I love it. I don't know what place sells this particular designer, and I haven't really done any digging to find out where, but one day, it might be important.

I hadn't actually bothered to look through his other designs, so I did today. And...in complete fairness, 98% of them are fucking awful. They're just these art deco monstrosities that I feel like people would only buy or wear as a statement piece (that statement being FUCK YOU, AESTHETICS, but that's neither here nor there). But, there were two more that I liked:

Rose gold is delicious.

What a unique piece!

I don't know where I got this obsession with sparkly things. For the most part, I just like to look and covet a little bit before moving on to the next sparkly thing. Though, looking at that sparkly thing and coveting it usually goes down like this:

I've accepted that I'm Jeremy, and that's ok. both because I love Don Bluth movies AND I loved this book (I loved the sequels, too! While I didn't care for Frisbee as a name, I did name my first rat Brisby as homage to the book and the movie), and because I'm fairly fucking sure that's really how I look when I see something sparkly. My eyes turn colors, and I stop speaking coherent English.

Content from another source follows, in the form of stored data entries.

(* Let $n\in\mathbb{N}$ and $\kappa,\kappa'\in\mathcal{K}_n$. Suppose that for some $\mu,\mu'\geq0$ and $0\leq\lambda,\lambda'\leq1$ we have for all $E\geq1$ $$|\kappa(Q,R,p,E)|\lesssim E^{-\mu}\min_{s\in[\lambda-1,1-\lambda]}\rho_{n,\lambda+s}(Q,E)\tilde\rho_{n,\lambda-s}(R,E),$$ $$|\kappa'(Q,R,p,E)|\lesssim E^{-\mu'}\min_{s\in[\lambda'-1,1-\lambda']}\rho_{n,\lambda'+s}(Q,E)\tilde\rho_{n,\lambda'-s}(R,E).$$ Then for all $0\leq\sigma\leq1$ satisfying $\max\{\lambda,\lambda'\}\leq\sigma<\lambda+\lambda'+n(1-\delta/\gamma)$, and with $\tau=\mu+\mu'+(\lambda+\lambda'+n(1-\delta/\gamma)-1)_+$, we have for $E\geq1$ $$|\kappa H_0^{-1}\star_n\kappa'|(Q,R,p,E)\lesssim E^{-\tau}\min_{s\in[\sigma-1,1-\sigma]}\rho_{n,\sigma+s}(Q,E)\tilde\rho_{n,\sigma-s}(R,E).$$
   Context: Standing assumptions: $d\in\mathbb{N}$; $v:\mathbb{R}^d\to\mathbb{R}$, $\omega,\Omega:\mathbb{R}^d\to[0,\infty)$ rotation invariant; $\alpha<d/2$, $\gamma\in\{1,2\}$, $\delta:=d-2\alpha-\gamma<\gamma$; constants $C>0,c_b>0,c_p\geq0$ with $\Omega\in C^\gamma$, $|v(k)|\leq C|k|^{-\alpha}$, $\omega(k)\geq C(c_b+k^2)^{\gamma/2}$, $\Omega(p)\geq C(c_p+p^2)^{\gamma/2}$, $|\partial^\nu\Omega(p)|\leq C(c_p+p^2)^{(\gamma-|\nu|)/2}$ for $|\nu|\in\{1,\gamma\}$. $\lesssim$: inequality up to a constant independent of all variables; $x_+:=\max\{x,0\}$. Notation: for $X\in(\mathbb{R}^d)^n$, $X_a^b:=(x_a,\dots,x_b)$, $\omega(X_a^b):=\sum_{j=a}^b\omega(x_j)$; $X_J$ for a permutation $J=(j_1,\dots,j_n)$ is $(x_{j_1},\dots,x_{j_n})$. $\rho_{n,\lambda}(Q,E)=\Big(\prod_{j=1}^{n-1}\frac{|v(q_j)|}{E+\omega(Q_j^n)}\Big)\frac{|v(q_n)|}{(E+\omega(q_n))^{(1+\lambda)/2}}$, $\tilde\rho_{n,\lambda}(R,E)=\frac{|v(r_1)|}{(E+\omega(r_1))^{(1+\lambda)/2}}\prod_{j=2}^n\frac{|v(r_j)|}{E+\omega(R_1^j)}$. Kernels: an $n$-variable kernel is a locally square integrable $\kappa(Q,R,p,E)$, $Q,R\in\mathbb{R}^{nd}$, $p\in\mathbb{R}^d$, $E>0$; $\mathcal{K}_n$: such kernels with $|\kappa(Q,R,p,E)|\lesssim\min_{s\in[-1,1]}\rho_{n,s}(Q,E)\tilde\rho_{n,-s}(R,E)$. Full contraction product: $(\kappa H_0^{-1}\star_n\kappa')(Q,R,p,E)=\sum_{J}\int_{\mathbb{R}^{nd}}\frac{\kappa(Q,\Xi,p,E)\,\kappa'(U,R,p,E)}{\Omega(p+\sum_{i=1}^n\xi_i)+E+\omega(\Xi)}\mathrm{d}\Xi$, the sum running over all permutations $J=(j_1,\dots,j_n)$ of $\{1,\dots,n\}$ and $U\in\mathbb{R}^{nd}$ defined by $U_J=\Xi$. *)

theory Defs
  imports "HOL-Analysis.Analysis" "HOL-Combinatorics.Permutations"
begin

(* Points of R^d are vectors of type real^'d (d = CARD('d)).
   Points of R^{nd} are functions X :: nat => real^'d, where only the
   components X 0, ..., X (n-1) matter (0-based indexing: x_j of the paper
   is X (j-1)). *)

definition partial_deriv :: "'d::finite \<Rightarrow> (real^'d \<Rightarrow> real) \<Rightarrow> real^'d \<Rightarrow> real" where
  "partial_deriv i f p = deriv (\<lambda>t. f (p + t *\<^sub>R axis i 1)) 0"

definition has_cont_partials :: "(real^'d::finite \<Rightarrow> real) \<Rightarrow> bool" where
  "has_cont_partials f \<longleftrightarrow>
     (\<forall>i p. (\<lambda>t. f (p + t *\<^sub>R axis i 1)) differentiable (at 0)) \<and>
     (\<forall>i. continuous_on UNIV (partial_deriv i f))"

definition C_k :: "nat \<Rightarrow> (real^'d::finite \<Rightarrow> real) \<Rightarrow> bool" where
  "C_k k f \<longleftrightarrow> has_cont_partials f \<and>
     (k = 2 \<longrightarrow> (\<forall>i. has_cont_partials (partial_deriv i f)))"

definition rotation_invariant :: "(real^'d::finite \<Rightarrow> 'b) \<Rightarrow> bool" where
  "rotation_invariant f \<longleftrightarrow> (\<forall>g k. orthogonal_transformation g \<longrightarrow> f (g k) = f k)"

definition standing_assumptions ::
  "(real^'d::finite \<Rightarrow> real) \<Rightarrow> (real^'d \<Rightarrow> real) \<Rightarrow> (real^'d \<Rightarrow> real) \<Rightarrow> real \<Rightarrow> nat \<Rightarrow> bool" where
  "standing_assumptions v \<omega> \<Omega> \<alpha> \<gamma> \<longleftrightarrow>
     (\<forall>k. \<omega> k \<ge> 0) \<and> (\<forall>k. \<Omega> k \<ge> 0) \<and>
     rotation_invariant v \<and> rotation_invariant \<omega> \<and> rotation_invariant \<Omega> \<and>
     \<alpha> < real CARD('d) / 2 \<and> \<gamma> \<in> {1, 2} \<and>
     real CARD('d) - 2 * \<alpha> - real \<gamma> < real \<gamma> \<and>
     C_k \<gamma> \<Omega> \<and>
     (\<exists>C cb cp. C > 0 \<and> cb > 0 \<and> cp \<ge> 0 \<and>
        (\<forall>k. (k \<noteq> 0 \<or> \<alpha> \<le> 0) \<longrightarrow>
              \<bar>v k\<bar> \<le> C * (if k = 0 \<and> \<alpha> = 0 then 1 else norm k powr (- \<alpha>))) \<and>
        (\<forall>k. \<omega> k \<ge> C * sqrt (cb + (norm k)\<^sup>2) ^ \<gamma>) \<and>
        (\<forall>p. \<Omega> p \<ge> C * sqrt (cp + (norm p)\<^sup>2) ^ \<gamma>) \<and>
        (\<forall>i p. \<bar>partial_deriv i \<Omega> p\<bar> \<le> C * sqrt (cp + (norm p)\<^sup>2) ^ (\<gamma> - 1)) \<and>
        (\<gamma> = 2 \<longrightarrow> (\<forall>i j p. \<bar>partial_deriv i (partial_deriv j \<Omega>) p\<bar> \<le> C)))"

definition delta :: "real \<Rightarrow> nat \<Rightarrow> 'd::finite itself \<Rightarrow> real" where
  "delta \<alpha> \<gamma> _ = real CARD('d) - 2 * \<alpha> - real \<gamma>"

(* \<omega>(X_a^b) = \<Sum>_{j=a}^b \<omega>(x_j), 1-based in the paper; here 0-based. *)

definition rho :: "(real^'d::finite \<Rightarrow> real) \<Rightarrow> (real^'d \<Rightarrow> real) \<Rightarrow> nat \<Rightarrow> real
                    \<Rightarrow> (nat \<Rightarrow> real^'d) \<Rightarrow> real \<Rightarrow> real" where
  "rho v \<omega> n l Q E =
     (\<Prod>j<n-1. \<bar>v (Q j)\<bar> / (E + (\<Sum>i=j..n-1. \<omega> (Q i)))) *
     (\<bar>v (Q (n-1))\<bar> / (E + \<omega> (Q (n-1))) powr ((1 + l) / 2))"

definition rho_tilde :: "(real^'d::finite \<Rightarrow> real) \<Rightarrow> (real^'d \<Rightarrow> real) \<Rightarrow> nat \<Rightarrow> real
                    \<Rightarrow> (nat \<Rightarrow> real^'d) \<Rightarrow> real \<Rightarrow> real" where
  "rho_tilde v \<omega> n l R E =
     (\<bar>v (R 0)\<bar> / (E + \<omega> (R 0)) powr ((1 + l) / 2)) *
     (\<Prod>j\<in>{1..<n}. \<bar>v (R j)\<bar> / (E + (\<Sum>i=0..j. \<omega> (R i))))"

(* Lebesgue measure on R^{nd}, realised on extensional functions {..<n} -> R^d *)
definition Rnd :: "nat \<Rightarrow> (nat \<Rightarrow> real^'d::finite) measure" where
  "Rnd n = PiM {..<n} (\<lambda>_. lborel)"

type_synonym 'd kernel =
  "(nat \<Rightarrow> real^'d) \<Rightarrow> (nat \<Rightarrow> real^'d) \<Rightarrow> real^'d \<Rightarrow> real \<Rightarrow> complex"

definition locally_square_integrable :: "nat \<Rightarrow> 'd::finite kernel \<Rightarrow> bool" where
  "locally_square_integrable n \<kappa> \<longleftrightarrow>
     (\<forall>p E. E > 0 \<longrightarrow>
        (\<lambda>(Q, R). \<kappa> Q R p E) \<in> borel_measurable (Rnd n \<Otimes>\<^sub>M Rnd n) \<and>
        (\<forall>r::real. (\<integral>\<^sup>+ (Q, R) \<in> {(Q, R). \<forall>i<n. norm (Q i) \<le> r \<and> norm (R i) \<le> r}.
                 ennreal ((cmod (\<kappa> Q R p E))\<^sup>2) \<partial>(Rnd n \<Otimes>\<^sub>M Rnd n)) < \<infinity>))"

definition kernel_class :: "(real^'d::finite \<Rightarrow> real) \<Rightarrow> (real^'d \<Rightarrow> real) \<Rightarrow> nat
                             \<Rightarrow> 'd kernel set" where
  "kernel_class v \<omega> n = {\<kappa>. locally_square_integrable n \<kappa> \<and>
     (\<exists>c. \<forall>Q R p E. E > 0 \<longrightarrow>
        cmod (\<kappa> Q R p E) \<le> c * (INF s\<in>{-1..1}. rho v \<omega> n s Q E * rho_tilde v \<omega> n (- s) R E))}"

My pants are way too big for me. If I pull them all the way up to the top of my ribs, they look pretty alright, but they fall down and look like crap the moment I do anything. This shirt is too big, as well. I look like I'm wearing a tent. I think I might be. My plan was to have them tailored, because I wanted the jeans and the shirt, but they only came in smalls and extra larges (both of them. What a cruel coincidence), but this morning I just decided, fuck it, you'll be fine, just throw a belt on! And then I remembered I don't have belts, because I'm not adult enough for them, and I had no way of making this shirt anything but insanely billowy, but I came to work in this, anyway. Clearly I make good choices. I should have just worn a pencil skirt and a button down. Damn foolish of me.

I may update this AGAIN later this evening. I have photos to edit and post, and I'm feeling very anxious, and like writing is where it's at.